Exercise aim: Locate, in the data below, the line that contains "by (simp add: span_generators)" and the line that contains "A \<Longrightarrow> 0"; reproduce exactly those two lines and every line between them, nothing more.
#### Provided data
(* Let $M>0$, $\beta^*>0$, and let $g$ be the log-normal density $g(t)=\frac{1}{t\sigma\sqrt{2\pi}}\exp\!\big(-\frac{(\ln t-\mu)^2}{2\sigma^2}\big)$ for $t>0$, $g(t)=0$ for $t\le0$ ($\mu\in\mathbb{R}$, $\sigma>0$). Let $I$ be the unique $C^1$ solution on $[0,\infty)$ of \[ I'(t)=\beta^*(M-I(t))\Big(I(t)-\int_0^t g(t-s)I(s)\,ds\Big),\qquad I(0)=I_0\in[0,M]. \] Then $\lim_{t\to\infty}I'(t)=0$. *)

theory Defs
  imports "HOL-Analysis.Analysis"
begin

definition lognormal_density :: "real \<Rightarrow> real \<Rightarrow> real \<Rightarrow> real" where
  "lognormal_density \<mu> \<sigma> t =
     (if t > 0 then 1 / (t * \<sigma> * sqrt (2 * pi)) * exp (- ((ln t - \<mu>)^2) / (2 * \<sigma>^2))
      else 0)"

end

theory Submission
  imports Defs "HOL-Probability.Distributions" "HOL-Real_Asymp.Real_Asymp"
begin

text \<open>Since \<open>g \<ge> 0\<close> has mass \<open>G t < 1\<close> on every \<open>[0, t]\<close>, the memory term stays below
  \<open>I t\<close> as long as \<open>I\<close> is nondecreasing on \<open>[0, t]\<close>. So \<open>I'\<close> can only reach \<open>0\<close> at a time
  where \<open>I = M\<close>, and a Gronwall-type uniqueness argument keeps \<open>I = M\<close> from then on
  (likewise \<open>I = 0\<close> throughout if \<open>I 0 = 0\<close>). Hence \<open>I\<close> is nondecreasing and bounded by \<open>M\<close>,
  so it converges to some \<open>L\<close>; the memory term is squeezed between \<open>I (t/2) * G (t/2)\<close> and
  \<open>I t * G t\<close>, so it converges as well, and therefore so does \<open>I'\<close>. A convergent function
  can only have limiting slope \<open>0\<close>.\<close>

section \<open>The lognormal density\<close>

lemma lognormal_density_nonneg: "\<sigma> > 0 \<Longrightarrow> 0 \<le> lognormal_density \<mu> \<sigma> t"
  by (simp add: lognormal_density_def)
text \<open>For \<open>X\<^sub>i\<^sub>j\<close> and \<open>X\<^sub>j\<^sub>i\<close> the bracket is computed by factoring through the third index.\<close>

lemma bracket_Hgen_X_ij [simp]:
  assumes "(i, j) \<in> pairs3"
  shows "br (Hgen i j a b) (X i j c) = X i j (a * b * c + c * b * a)"
proof -
  from assms have ij: "i \<in> {1,2,3}" "j \<in> {1,2,3}" "i \<noteq> j"
    by (simp_all add: pairs3_def)
  obtain t where t: "t \<in> {1,2,3}" "i \<noteq> t" "j \<noteq> t"
    using third_index[OF ij] .
  have "X i j c = br (X i t c) (X t j 1)"
    using ij t by (simp add: rel1)
  then have "br (Hgen i j a b) (X i j c)
      = br (br (Hgen i j a b) (X i t c)) (X t j 1) - br (br (Hgen i j a b) (X t j 1)) (X i t c)"
    by (simp only: leibniz)
  also have "\<dots> = br (X i t (a * b * c)) (X t j 1) - br (X t j (b * a)) (X i t c)"
    using ij t by (simp add: bracket_Hgen_X_it bracket_Hgen_X_tj)
  also have "\<dots> = X i j (a * b * c + c * b * a)"
    using ij t by (simp add: rel1 rel2 X_add mult.assoc)
  finally show ?thesis .
qed

lemma bracket_Hgen_X_ji [simp]:
  assumes "(i, j) \<in> pairs3"
  shows "br (Hgen i j a b) (X j i c) = X j i (- (b * a * c) - c * a * b)"
proof -
  from assms have ij: "i \<in> {1,2,3}" "j \<in> {1,2,3}" "i \<noteq> j"
    by (simp_all add: pairs3_def)
  obtain t where t: "t \<in> {1,2,3}" "i \<noteq> t" "j \<noteq> t"
    using third_index[OF ij] .
  have "X j i c = br (X j t c) (X t i 1)"
    using ij t by (simp add: rel1)
  then have "br (Hgen i j a b) (X j i c)
      = br (br (Hgen i j a b) (X j t c)) (X t i 1) - br (br (Hgen i j a b) (X t i 1)) (X j t c)"
    by (simp only: leibniz)
  also have "\<dots> = br (X j t (- (b * a * c))) (X t i 1) - br (X t i (- (a * b))) (X j t c)"
    using ij t by (simp add: bracket_Hgen_X_jt bracket_Hgen_X_ti)
  also have "\<dots> = X j i (- (b * a * c) - c * a * b)"
    using ij t by (simp add: rel1 rel2 mult.assoc)
  finally show ?thesis .
qed

lemma Hgen_fold: "br (X i j a) (X j i b) = Hgen i j a b"
  by (simp add: Hgen_def)

lemma bracket_Hgen_right:
  "br w (Hgen i j a b) = br (br w (X i j a)) (X j i b) - br (br w (X j i b)) (X i j a)"
  unfolding Hgen_def by (rule leibniz)

lemma bracket_Hgen_X_in_range:
  assumes "(i, j) \<in> pairs3" "(k, l) \<in> pairs3"
  shows "\<exists>r. br (Hgen i j a b) (X k l c) = X k l r"
  using assms unfolding pairs3_eq
  by (auto simp: bracket_Hgen_X_it bracket_Hgen_X_jt bracket_Hgen_X_ti bracket_Hgen_X_tj pairs3_def
      simp del: X_additive_simps)

lemma bracket_Hgen_Hgen_in_H:
  assumes ij: "(i, j) \<in> pairs3" and kl: "(k, l) \<in> pairs3"
  shows "br (Hgen i j a b) (Hgen k l c d) \<in> H"
proof -
  from kl have lk: "(l, k) \<in> pairs3"
    by (auto simp: pairs3_def)
  obtain r where r: "br (Hgen i j a b) (X k l c) = X k l r"
    using bracket_Hgen_X_in_range[OF ij kl] by blast
  obtain r' where r': "br (Hgen i j a b) (X l k d) = X l k r'"
    using bracket_Hgen_X_in_range[OF ij lk] by blast
  have "br (Hgen i j a b) (Hgen k l c d) = Hgen k l r d - Hgen l k r' c"
    by (simp add: bracket_Hgen_right r r' Hgen_fold)
  also have "\<dots> \<in> H"
    unfolding H_def
    by (intro module.span_diff[OF modL]; fold H_def; rule Hgen_in_H) (use kl lk in auto)
  finally show ?thesis .
qed

lemma psi_X_X_pointwise:
  shows "\<lbrakk>i \<in> {1,2,3}; j \<in> {1,2,3}; k \<in> {1,2,3}; i \<noteq> j; j \<noteq> k; i \<noteq> k\<rbrakk> \<Longrightarrow>
      \<psi> (X i j a) (X i k b) m = (if m = int i then sgn3 j k * (a * b) else 0)"
    and "\<lbrakk>i \<in> {1,2,3}; j \<in> {1,2,3}; k \<in> {1,2,3}; i \<noteq> j; j \<noteq> k; i \<noteq> k\<rbrakk> \<Longrightarrow>
      \<psi> (X i j a) (X k j b) m = (if m = - int j then sgn3 i k * (a * b) else 0)"
    and "\<lbrakk>(i, j) \<in> pairs3; (k, l) \<in> pairs3; \<not> (i = k \<and> j \<noteq> l); \<not> (j = l \<and> i \<noteq> k)\<rbrakk> \<Longrightarrow>
      \<psi> (X i j a) (X k l b) m = 0"
  by (simp_all add: psi_row psi_col psi_other single6_def)

lemmas generator_simps = rel1 rel2 rel3 Hgen_fold bracket_Hgen_right
  bracket_Hgen_X_it bracket_Hgen_X_jt bracket_Hgen_X_ti bracket_Hgen_X_tj
  br_add1 br_add2 X_add psi_add1 psi_add2 psi_X_X_pointwise pairs3_def sgn3_def

definition cocycle_defect :: "'l \<Rightarrow> 'l \<Rightarrow> 'l \<Rightarrow> int \<Rightarrow> 'r" where
  "cocycle_defect x y z m = \<psi> x (br y z) m + \<psi> (br x z) y m - \<psi> (br x y) z m"

lemma cocycle_defect_X_X_X:
  assumes "(i, j) \<in> pairs3" "(k, l) \<in> pairs3" "(p, r) \<in> pairs3"
  shows "abs_r3 (cocycle_defect (X i j a) (X k l b) (X p r c) m) = 0"
  using assms unfolding pairs3_eq
  by (auto simp: cocycle_defect_def generator_simps r3_char3_simps add_ac mult_ac)

lemma cocycle_defect_H_X_X:
  assumes "(i, j) \<in> pairs3" "(k, l) \<in> pairs3" "(p, r) \<in> pairs3"
  shows "abs_r3 (cocycle_defect (Hgen i j a d) (X k l b) (X p r c) m) = 0"
  using assms unfolding pairs3_eq
  by (auto simp: cocycle_defect_def generator_simps r3_char3_simps add_ac mult_ac)

lemma cocycle_defect_X_H_X:
  assumes "(i, j) \<in> pairs3" "(k, l) \<in> pairs3" "(p, r) \<in> pairs3"
  shows "abs_r3 (cocycle_defect (X k l b) (Hgen i j a d) (X p r c) m) = 0"
  using assms unfolding pairs3_eq
  by (auto simp: cocycle_defect_def generator_simps r3_char3_simps add_ac mult_ac)

lemma cocycle_defect_X_X_H:
  assumes "(i, j) \<in> pairs3" "(k, l) \<in> pairs3" "(p, r) \<in> pairs3"
  shows "abs_r3 (cocycle_defect (X k l b) (X p r c) (Hgen i j a d) m) = 0"
  using assms unfolding pairs3_eq
  by (auto simp: cocycle_defect_def generator_simps r3_char3_simps add_ac mult_ac)

lemma cocycle_defect_two_Hgen:
  assumes "(i, j) \<in> pairs3" "(k, l) \<in> pairs3"
  shows "cocycle_defect (Hgen i j a b) (Hgen k l c d) z m = 0"
    and "cocycle_defect (Hgen i j a b) y (Hgen k l c d) m = 0"
    and "cocycle_defect x (Hgen i j a b) (Hgen k l c d) m = 0"
  using assms psi_H_pointwise[OF bracket_Hgen_Hgen_in_H[OF assms]]
  by (simp_all add: cocycle_defect_def)

definition generators :: "'l set" where
  "generators = {X i j a | i j a. (i, j) \<in> pairs3} \<union> {Hgen i j a b | i j a b. (i, j) \<in> pairs3}"

lemma span_generators: "module.span smL generators = UNIV"
proof -
  have "x \<in> module.span smL generators" for x
  proof -
    obtain h a where h: "h \<in> H" and x: "x = h + (\<Sum>(i, j)\<in>pairs3. X i j (a (i, j)))"
      using decomp by blast
    have "H \<subseteq> module.span smL generators"
      unfolding H_def generators_def Hgen_def by (intro module.span_mono[OF modL]) blast
    with h have "h \<in> module.span smL generators"
      by blast
    moreover have "(\<Sum>(i, j)\<in>pairs3. X i j (a (i, j))) \<in> module.span smL generators"
      by (intro module.span_sum[OF modL] module.span_base[OF modL]) (auto simp: generators_def)
    ultimately show ?thesis
      unfolding x by (rule module.span_add[OF modL])
  qed
  then show ?thesis
    by blast
qed

lemma cocycle_defect_generators:
  assumes "x \<in> generators" "y \<in> generators" "z \<in> generators"
  shows "cocycle_defect x y z m \<in> I3"
  using assms unfolding generators_def
  by (auto simp: cocycle_defect_two_Hgen zero_in_I3 simp flip: abs_r3_eq_0_iff
      intro: cocycle_defect_X_X_X cocycle_defect_H_X_X cocycle_defect_X_H_X cocycle_defect_X_X_H)

lemma subspace_I3: "module.subspace smR I3"
proof (rule module.subspaceI[OF modR])
  fix c and x :: 'r
  assume "x \<in> I3"
  have "smR c x = smR c 1 * x"
    using algR[of c 1 x] by simp
  then show "smR c x \<in> I3"
    using mult_left_in_I3[OF \<open>x \<in> I3\<close>] by simp
qed (simp_all add: zero_in_I3 add_in_I3)

lemma module_hom_cocycle_defect:
  shows "module_hom smL smR (\<lambda>x. cocycle_defect x y z m)"
    and "module_hom smL smR (\<lambda>y. cocycle_defect x y z m)"
    and "module_hom smL smR (\<lambda>z. cocycle_defect x y z m)"
  unfolding module_hom_iff cocycle_defect_def
  using modL modR
  by (simp_all add: br_add1 br_add2 br_sm1 br_sm2 psi_add1 psi_add2 psi_sm1 psi_sm2
      module.scale_right_distrib[OF modR] module.scale_right_diff_distrib[OF modR] algebra_simps)

lemma in_I3_if_on_generators:
  assumes f: "module_hom smL smR f" and gen: "\<And>g. g \<in> generators \<Longrightarrow> f g \<in> I3"
  shows "f x \<in> I3"
proof -
  have "x \<in> module.span smL generators"
    by (simp add: span_generators)
  moreover have "module.subspace smL (f -` I3)"
    by (rule module_hom.subspace_vimage[OF f subspace_I3])
  ultimately have "x \<in> f -` I3"
    by (rule module.span_subspace_induct[OF modL]) (simp add: gen)
  then show ?thesis
    by simp
qed
lemma exp_mean_ln_le_mean:
  fixes y :: "'a \<Rightarrow> real"
  assumes "finite A" "A \<noteq> {}" "\<And>i. i \<in> A \<Longrightarrow> 0 < y i"
  shows "exp ((\<Sum>i\<in>A. ln (y i)) / card A) \<le> (\<Sum>i\<in>A. y i) / card A"
proof -
  have "0 < card A"
    using assms by (simp add: card_gt_0_iff)
  then have "exp (\<Sum>i\<in>A. (1 / card A) *\<^sub>R ln (y i)) \<le> (\<Sum>i\<in>A. (1 / card A) * exp (ln (y i)))"
    by (intro convex_on_sum[OF assms(1,2) exp_convex]) auto
  then show ?thesis
    using assms(3) by (simp add: sum_divide_distrib)
qed

lemma QQ_kernel_transformed_rows:
  assumes "\<forall>k<m. 0 < s k"
  shows "QQ_kernel p m (transformed_row s p D i) (transformed_row s p D j)
       = (\<Prod>k<m. level_kernel p s k (D i k) (D j k))"
  unfolding QQ_kernel_eq_prod
proof (rule prod.cong[OF refl])
  fix k assume "k \<in> {..<m}"
  then have "0 < real (s k)" using assms by simp
  then have "transformed_row s p D i k - transformed_row s p D j k = (real (D i k) - real (D j k)) / real (s k)"
    if "\<not> k < p"
    using that unfolding transformed_row_def by (simp add: field_simps)
  then show "kernel_factor p k (transformed_row s p D i k) (transformed_row s p D j k) = level_kernel p s k (D i k) (D j k)"
    unfolding kernel_factor_def level_kernel_def using \<open>0 < real (s k)\<close>
    by (auto simp: transformed_row_def)
qed

lemma sum_offdiag_QQ_kernel_ge:
  assumes "U_type n (p + q) s D" "p \<le> t" "t \<le> p + q"
    and "\<forall>k\<in>{p..<t}. odd (s k)" "\<forall>k\<in>{t..<p+q}. even (s k)"
  shows "real n * (real n - 1) * lb_product n p q t s
       \<le> (\<Sum>(i,j)\<in>offdiag n. QQ_kernel p (p + q) (transformed_row s p D i) (transformed_row s p D j))"
    (is "_ \<le> (\<Sum>(i,j)\<in>offdiag n. ?K i j)")
proof (cases "n \<le> 1")
  case True
  then have "offdiag n = {}"
    unfolding offdiag_def by auto
  with True show ?thesis
    by (cases n) auto
next
  case False
  have balanced: "balanced n (s k) (\<lambda>i. D i k)" if "k < p + q" for k
    using assms(1) that by (simp add: U_type_iff_balanced)
  have pos: "\<forall>k<p+q. 0 < s k"
    using False balanced_levels_pos balanced by auto
  have card: "real (card (offdiag n)) = real n * (real n - 1)"
    using False by (simp add: card_offdiag of_nat_diff)
  have "(\<Sum>(i,j)\<in>offdiag n. ln (?K i j)) / (real n * (real n - 1))
      = (\<Sum>k<p+q. (\<Sum>(i,j)\<in>offdiag n. ln (level_kernel p s k (D i k) (D j k))) / (real n * (real n - 1)))"
    using pos
    by (simp add: QQ_kernel_transformed_rows ln_prod level_kernel_pos less_imp_neq[symmetric]
        case_prod_beta sum_divide_distrib sum.swap[of _ "offdiag n"])
  also have "\<dots> = (\<Sum>k<p+q. column_log_mean n p t s k)"
    using False assms pos balanced by (intro sum.cong refl mean_offdiag_log_level_kernel) auto
  also have "\<dots> = ln (lb_product n p q t s)"
    using assms pos by (simp add: ln_lb_product)
  finally have "lb_product n p q t s = exp ((\<Sum>(i,j)\<in>offdiag n. ln (?K i j)) / card (offdiag n))"
    using pos assms(3) lb_product_pos card by simp
  also have "\<dots> \<le> (\<Sum>(i,j)\<in>offdiag n. ?K i j) / card (offdiag n)"
  proof -
    have "offdiag n \<noteq> {}"
      using False card by auto
    moreover have "0 < ?K i j" for i j
      using pos by (simp add: QQ_kernel_transformed_rows prod_pos level_kernel_pos)
    ultimately show ?thesis
      using exp_mean_ln_le_mean[OF finite_offdiag, where y = "\<lambda>(i,j). ?K i j"] by (simp add: case_prod_beta)
  qed
  finally show ?thesis
    using False card by (simp add: field_simps)
qed

lemma prod_kernel_factor_mean:
  "(\<Prod>k<p+q. kernel_factor_mean s p k) = (\<Prod>k<p. (5 * real (s k) + 1) / (4 * real (s k))) * (4/3)^q"
proof -
  have "(\<Prod>k<p+q. kernel_factor_mean s p k)
      = (\<Prod>k<p. kernel_factor_mean s p k) * (\<Prod>k\<in>{p..<p+q}. kernel_factor_mean s p k)"
    by (simp add: lessThan_atLeast0 prod.atLeastLessThan_concat)
  then show ?thesis
    by (simp add: kernel_factor_mean_def)
qed

lemma QQD2_eq_offdiag:
  assumes "U_type n (p + q) s D" "0 < n"
  shows "QQD2 n p q s D = - (\<Prod>k<p+q. kernel_factor_mean s p k) + (3/2)^(p+q) / real n
     + (\<Sum>(i,j)\<in>offdiag n. QQ_kernel p (p + q) (transformed_row s p D i) (transformed_row s p D j))
       / (real n)^2"
proof -
  define m where "m = p + q"
  define x where "x = transformed_row s p D"
  define M where "M = (\<Prod>k<m. kernel_factor_mean s p k)"
  have balanced: "balanced n (s k) (\<lambda>i. D i k)" if "k < m" for k
    using assms(1) that by (simp add: U_type_iff_balanced m_def)
  have levels: "D i k < s k" if "i < n" "k < m" for i k
    using balanced[OF that(2)] that(1) unfolding balanced_def by blast
  have pos: "0 < s k" if "k < m" for k
    using balanced_levels_pos[OF balanced[OF that] assms(2)] .
  have point_integral: "(\<integral>t. QQ_kernel p m t (x i) \<partial>F_measure s p m) = M" if "i < n" for i
  proof (unfold M_def, rule integral_QQ_kernel_at_point)
    fix k assume "k < m"
    from levels[OF that this] pos[OF this] show "x i k \<in> chi_support s p k"
      by (auto simp: x_def transformed_row_def chi_support_def field_simps)
  qed (use pos in auto)
  have diag: "QQ_kernel p m (x i) (x i) = (3/2)^m" for i
    by (simp add: QQ_kernel_eq_prod kernel_factor_diag)
  have "QQD2 n p q s D = M - 2 / real n * (real n * M)
      + 1 / (real n)^2 * ((\<Sum>(i,j)\<in>offdiag n. QQ_kernel p m (x i) (x j)) + real n * (3/2)^m)"
    unfolding QQD2_def Let_def m_def[symmetric] x_def[symmetric]
    by (simp add: double_integral_QQ_kernel pos M_def[symmetric] point_integral sum_offdiag diag)
  then show ?thesis
    using assms(2) by (simp add: m_def x_def M_def field_simps power2_eq_square)
qed

theorem theorem3:
  fixes n p q t :: nat and s :: "nat \<Rightarrow> nat" and D :: "nat \<Rightarrow> nat \<Rightarrow> nat"
  assumes "0 < n"
    and "U_type n (p + q) s D"
    and "p \<le> t" and "t \<le> p + q"
    and "\<forall>k\<in>{p..<t}. odd (s k)"
    and "\<forall>k\<in>{t..<p+q}. even (s k)"
  shows "QQD2 n p q s D \<ge> LB1 n p q t s"
proof -
  define SS where "SS = (\<Sum>(i,j)\<in>offdiag n. QQ_kernel p (p + q) (transformed_row s p D i) (transformed_row s p D j))"
  have "(real n - 1) / real n * lb_product n p q t s = real n * (real n - 1) * lb_product n p q t s / (real n)^2"
    using assms(1) by (simp add: power2_eq_square)
  also have "\<dots> \<le> SS / (real n)^2"
    unfolding SS_def using sum_offdiag_QQ_kernel_ge[OF assms(2-6)] by (simp add: divide_right_mono)
  finally show ?thesis
    unfolding QQD2_eq_offdiag[OF assms(2,1)] LB1_eq_lb_product prod_kernel_factor_mean SS_def
    by simp
qed

end
lemma parent_lines_eq: "{span {\<phi> (unit_vec i)} | i. i < \<nu>} = {span {f} | f. f \<in> F}"
  using parent unfolding parent_function_def by simp

lemma unit_vec_image_line_in_F:
  assumes "i < \<nu>"
  obtains f where "f \<in> F" "span {\<phi> (unit_vec i)} = span {f}"
proof -
  have "span {\<phi> (unit_vec i)} \<in> {span {f} | f. f \<in> F}"
    unfolding parent_lines_eq[symmetric] using assms by blast
  then show thesis
    using that by blast
qed

lemma F_line_unit_vec_image:
  assumes "f \<in> F"
  obtains i where "i < \<nu>" "span {f} = span {\<phi> (unit_vec i)}"
proof -
  have "span {f} \<in> {span {\<phi> (unit_vec i)} | i. i < \<nu>}"
    unfolding parent_lines_eq using assms by blast
  then show thesis
    using that by blast
qed

lemma wt_F_le_card_unit_images:
  assumes J: "J \<subseteq> {..<\<nu>}" and v: "v \<in> span (\<phi> ` unit_vec ` J)"
  shows "wt_F scale F v \<le> enat (card J)"
proof -
  have "\<forall>i\<in>J. \<exists>f\<in>F. span {\<phi> (unit_vec i)} = span {f}"
    using J unit_vec_image_line_in_F by (metis lessThan_iff subsetD)
  then obtain f where f: "\<And>i. i \<in> J \<Longrightarrow> f i \<in> F \<and> span {\<phi> (unit_vec i)} = span {f i}"
    by metis
  have "span (\<phi> ` unit_vec ` J) \<subseteq> span (f ` J)"
    using f by (intro span_subset_span_if_same_lines) auto
  with v have "wt_F scale F v \<le> enat (card (f ` J))"
    using f by (intro wt_F_le_card) auto
  also have "\<dots> \<le> enat (card J)"
    using finite_subset[OF J] by (simp add: card_image_le)
  finally show ?thesis .
qed

lemma wt_F_attained_unit_images:
  assumes "wt_F scale F v = enat s"
  obtains J where "J \<subseteq> {..<\<nu>}" "card J \<le> s" "v \<in> span (\<phi> ` unit_vec ` J)"
proof -
  obtain I where I: "I \<subseteq> F" "v \<in> span I" "card I = s"
    using wt_F_attained[OF assms] by blast
  have "\<forall>f\<in>I. \<exists>i<\<nu>. span {f} = span {\<phi> (unit_vec i)}"
    using I(1) F_line_unit_vec_image by (metis subsetD)
  then obtain ix where ix: "\<And>f. f \<in> I \<Longrightarrow> ix f < \<nu> \<and> span {f} = span {\<phi> (unit_vec (ix f))}"
    by metis
  have "span I \<subseteq> span (\<phi> ` unit_vec ` ix ` I)"
    using ix by (intro span_subset_span_if_same_lines) auto
  moreover have "card (ix ` I) \<le> s"
    using I card_image_le finite_subset[OF I(1) finite_F] by blast
  moreover have "ix ` I \<subseteq> {..<\<nu>}"
    using ix by auto
  ultimately show thesis
    using that I(2) by blast
qed

lemma wt_F_le_hamming_weight:
  assumes z: "z \<in> coord_space \<nu>"
  shows "wt_F scale F (\<phi> z) \<le> enat (hamming_weight \<nu> z)"
proof -
  have supp: "coord_supp \<nu> z \<subseteq> {..<\<nu>}"
    unfolding coord_supp_def by auto
  have "\<forall>i. i \<notin> coord_supp \<nu> z \<longrightarrow> z i = 0"
    using z unfolding coord_supp_def coord_space_def by (auto simp: not_less[symmetric])
  then have "\<phi> z \<in> span (\<phi> ` unit_vec ` coord_supp \<nu> z)"
    unfolding span_image_unit_vecs[OF supp] by blast
  with supp show ?thesis
    unfolding hamming_weight_def by (rule wt_F_le_card_unit_images)
qed

lemma wt_F_attained_preimage:
  assumes "wt_F scale F v = enat s"
  obtains z where "z \<in> coord_space \<nu>" "\<phi> z = v" "hamming_weight \<nu> z \<le> s"
proof -
  obtain J where J: "J \<subseteq> {..<\<nu>}" "card J \<le> s" "v \<in> span (\<phi> ` unit_vec ` J)"
    using assms by (rule wt_F_attained_unit_images)
  obtain z where z: "\<forall>i. i \<notin> J \<longrightarrow> z i = 0" "\<phi> z = v"
    using J(3) unfolding span_image_unit_vecs[OF J(1)] by blast
  have "z \<in> coord_space \<nu>"
    using J(1) z(1) unfolding coord_space_def mem_Collect_eq by (meson lessThan_iff not_le subsetD)
  moreover have "coord_supp \<nu> z \<subseteq> J"
    using z(1) unfolding coord_supp_def by blast
  then have "hamming_weight \<nu> z \<le> card J"
    unfolding hamming_weight_def using finite_subset[OF J(1) finite_lessThan] by (rule card_mono[rotated])
  with J(2) have "hamming_weight \<nu> z \<le> s"
    by simp
  ultimately show thesis
    using that z(2) by blast
qed

lemma wt_F_eq_hamming_weight:
  assumes code: "\<forall>p\<in>parent_code \<nu> \<phi>. p \<noteq> (\<lambda>i. 0) \<longrightarrow> k < hamming_weight \<nu> p"
    and z: "z \<in> coord_space \<nu>" and small: "2 * hamming_weight \<nu> z \<le> k"
  shows "wt_F scale F (\<phi> z) = enat (hamming_weight \<nu> z)"
proof (rule antisym)
  show "wt_F scale F (\<phi> z) \<le> enat (hamming_weight \<nu> z)"
    using z by (rule wt_F_le_hamming_weight)
  show "enat (hamming_weight \<nu> z) \<le> wt_F scale F (\<phi> z)"
  proof (rule ccontr)
    assume "\<not> enat (hamming_weight \<nu> z) \<le> wt_F scale F (\<phi> z)"
    then obtain s where s: "wt_F scale F (\<phi> z) = enat s" "s < hamming_weight \<nu> z"
      by (cases "wt_F scale F (\<phi> z)") auto
    obtain y where y: "y \<in> coord_space \<nu>" "\<phi> y = \<phi> z" "hamming_weight \<nu> y \<le> s"
      using wt_F_attained_preimage[OF s(1)] .
    have "y = z"
      using y(3) s(2) small
      by (intro eq_if_image_eq_low_weight[OF linear code y(1) z y(2)]) linarith
    with y(3) s(2) show False by simp
  qed
qed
########
Solved problem:
    by (simp add: span_generators)
  moreover have "module.subspace smL (f -` I3)"
    by (rule module_hom.subspace_vimage[OF f subspace_I3])
  ultimately have "x \<in> f -` I3"
    by (rule module.span_subspace_induct[OF modL]) (simp add: gen)
  then show ?thesis
    by simp
qed
lemma exp_mean_ln_le_mean:
  fixes y :: "'a \<Rightarrow> real"
  assumes "finite A" "A \<noteq> {}" "\<And>i. i \<in> A \<Longrightarrow> 0 < y i"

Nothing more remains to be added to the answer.